YOUR GOAL |
I need the lines from the one with "(rule linear_injective_imp_surjective) simp" through the end of the material, copied exactly and with nothing else included.
*** DATA RECORDS ***
(* For all $n,s\in\mathbb{N}$ and every $p_{X,Y}\in\mathcal{E}[0,1]^2_n$ there exists a ReLU network $\Psi\in\mathcal{N}_{1,2}$ with connectivity $\mathcal{M}(\Psi)<88(n^2+ns)$ and depth $\mathcal{L}(\Psi)=s+5$ such that \[ W(\Psi\#U,\,p_{X,Y})\le\frac{2\sqrt2}{n2^s}. \]
   Context: $\mathcal{E}[0,1]^2_n$: densities $p(x,y)=\sum_{k_1,k_2=0}^{n-1}w_{k_1,k_2}\chi_{[k_1/n,(k_1+1)/n]\times[k_2/n,(k_2+1)/n]}(x,y)$ with all $w_{k_1,k_2}>0$ and $\sum w_{k_1,k_2}=n^2$. A ReLU network of depth $L\ge2$ is $\Phi=W_L\circ\rho\circ W_{L-1}\circ\cdots\circ\rho\circ W_1$ with affine $W_\ell(x)=A_\ell x+b_\ell$ and $\rho(x)=\max(x,0)$ componentwise; $\mathcal{L}(\Phi)=L$; $\mathcal{M}(\Phi)$ is the total number of nonzero entries of all $A_\ell,b_\ell$; $\mathcal{N}_{d,d'}$ is the set of such networks with input dimension $d$, output dimension $d'$. $U$ is uniform on $[0,1]$, $\#$ is push-forward, and $W$ is the 1-Wasserstein distance $W(\mu,\nu)=\inf_\pi\int|x-y|d\pi$ over couplings of $\mu,\nu$ with Euclidean norm. *)

theory Defs
  imports "HOL-Probability.Probability"
begin

definition hist_density :: "nat \<Rightarrow> (nat \<Rightarrow> nat \<Rightarrow> real) \<Rightarrow> real \<times> real \<Rightarrow> real" where
  "hist_density n w = (\<lambda>(x, y). \<Sum>k1<n. \<Sum>k2<n.
      w k1 k2 * indicator ({real k1 / real n .. (real k1 + 1) / real n}
                         \<times> {real k2 / real n .. (real k2 + 1) / real n}) (x, y))"

definition hist_class :: "nat \<Rightarrow> (real \<times> real \<Rightarrow> real) set" where
  "hist_class n = {hist_density n w | w.
      (\<forall>k1<n. \<forall>k2<n. w k1 k2 > 0) \<and> (\<Sum>k1<n. \<Sum>k2<n. w k1 k2) = real n ^ 2}"

text \<open>A layer is an affine map given by its matrix (as a list of rows) and bias vector.\<close>
type_synonym layer = "real list list \<times> real list"

definition affine_apply :: "layer \<Rightarrow> real list \<Rightarrow> real list" where
  "affine_apply l x = map2 (\<lambda>row bi. sum_list (map2 (*) row x) + bi) (fst l) (snd l)"

definition relu :: "real \<Rightarrow> real" where
  "relu x = max x 0"

fun realize :: "layer list \<Rightarrow> real list \<Rightarrow> real list" where
  "realize [] x = x"
| "realize [l] x = affine_apply l x"
| "realize (l # l' # ls) x = realize (l' # ls) (map relu (affine_apply l x))"

definition layer_dims :: "nat \<Rightarrow> nat \<Rightarrow> layer \<Rightarrow> bool" where
  "layer_dims d d' l \<longleftrightarrow> length (fst l) = d' \<and> length (snd l) = d'
      \<and> (\<forall>row \<in> set (fst l). length row = d)"

definition relu_nets :: "nat \<Rightarrow> nat \<Rightarrow> layer list set" where
  "relu_nets d d' = {ls. length ls \<ge> 2 \<and> (\<exists>ws. length ws = length ls + 1
      \<and> ws ! 0 = d \<and> ws ! length ls = d'
      \<and> (\<forall>i < length ls. layer_dims (ws ! i) (ws ! Suc i) (ls ! i)))}"

definition depth :: "layer list \<Rightarrow> nat" where
  "depth ls = length ls"
lemma linear_g_left: "linear (\<lambda>x. g x y)"
  and linear_g_right: "linear (g x)"
  using bilinear_g by (simp_all add: bilinear_def)

lemma g_simps [simp]:
  "g (x + y) w = g x w + g y w" "g w (x + y) = g w x + g w y"
  "g (x - y) w = g x w - g y w" "g w (x - y) = g w x - g w y"
  "g (c *\<^sub>R x) w = c * g x w" "g w (c *\<^sub>R x) = c * g w x"
  "g (- x) w = - g x w" "g w (- x) = - g w x"
  "g 0 w = 0" "g w 0 = 0"
  "g (sum f S) w = (\<Sum>i\<in>S. g (f i) w)" "g w (sum f S) = (\<Sum>i\<in>S. g w (f i))"
  using linear_add[OF linear_g_left] linear_add[OF linear_g_right]
    linear_diff[OF linear_g_left] linear_diff[OF linear_g_right]
    linear_scale[OF linear_g_left] linear_scale[OF linear_g_right]
    linear_neg[OF linear_g_left] linear_neg[OF linear_g_right]
    linear_0[OF linear_g_left] linear_0[OF linear_g_right]
    linear_sum[OF linear_g_left] linear_sum[OF linear_g_right]
  by simp_all

lemma g_eqI: "(\<And>w. g u w = g v w) \<Longrightarrow> u = v"
  using g_nondegenerate[of "u - v"] by simp

lemma dual_basis_exists: "\<exists>d. \<forall>i v. g v (d i) = v $ i"
proof -
  define G :: "real^'n \<Rightarrow> real^'n" where "G x = (\<chi> k. g x (axis k 1))" for x
  have "linear G" by (rule linearI) (simp_all add: G_def vec_eq_iff)
  moreover have "inj G"
  proof (rule injI)
    fix x y assume "G x = G y"
    then have "g (x - y) (axis k 1) = 0" for k by (simp add: G_def vec_eq_iff)
    then have "g (x - y) w = 0" for w
      using linear_coordinates[OF linear_g_right, of "x - y" w] by simp
    then show "x = y" using g_nondegenerate[of "x - y"] by simp
  qed
  ultimately have "surj G" by (rule linear_injective_imp_surjective) simp
  define d where "d i = inv G (axis i 1)" for i
  then have d: "G (d i) = axis i 1" for i using \<open>surj G\<close> by (simp add: surj_f_inv_f)
  have d_axis: "g (d i) (axis k 1) = axis i 1 $ k" for i k
    using d[of i] by (simp add: G_def vec_eq_iff)
  have "g v (d i) = v $ i" for v i
  proof -
    have "g v (d i) = (\<Sum>k\<in>UNIV. v $ k * axis i 1 $ k)"
      by (simp add: g_commute[of v] linear_coordinates[OF linear_g_right, of "d i" v] d_axis)
    also have "\<dots> = v $ i" by (simp add: axis_def if_distrib cong: if_cong)
    finally show ?thesis .
  qed
  then show ?thesis by blast
qed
*** End of DATA RECORDS ***
THE COMPLETED TASK |
  ultimately have "surj G" by (rule linear_injective_imp_surjective) simp
  define d where "d i = inv G (axis i 1)" for i
  then have d: "G (d i) = axis i 1" for i using \<open>surj G\<close> by (simp add: surj_f_inv_f)
  have d_axis: "g (d i) (axis k 1) = axis i 1 $ k" for i k
    using d[of i] by (simp add: G_def vec_eq_iff)
  have "g v (d i) = v $ i" for v i
  proof -
    have "g v (d i) = (\<Sum>k\<in>UNIV. v $ k * axis i 1 $ k)"
      by (simp add: g_commute[of v] linear_coordinates[OF linear_g_right, of "d i" v] d_axis)
    also have "\<dots> = v $ i" by (simp add: axis_def if_distrib cong: if_cong)
    finally show ?thesis .
  qed
  then show ?thesis by blast
qed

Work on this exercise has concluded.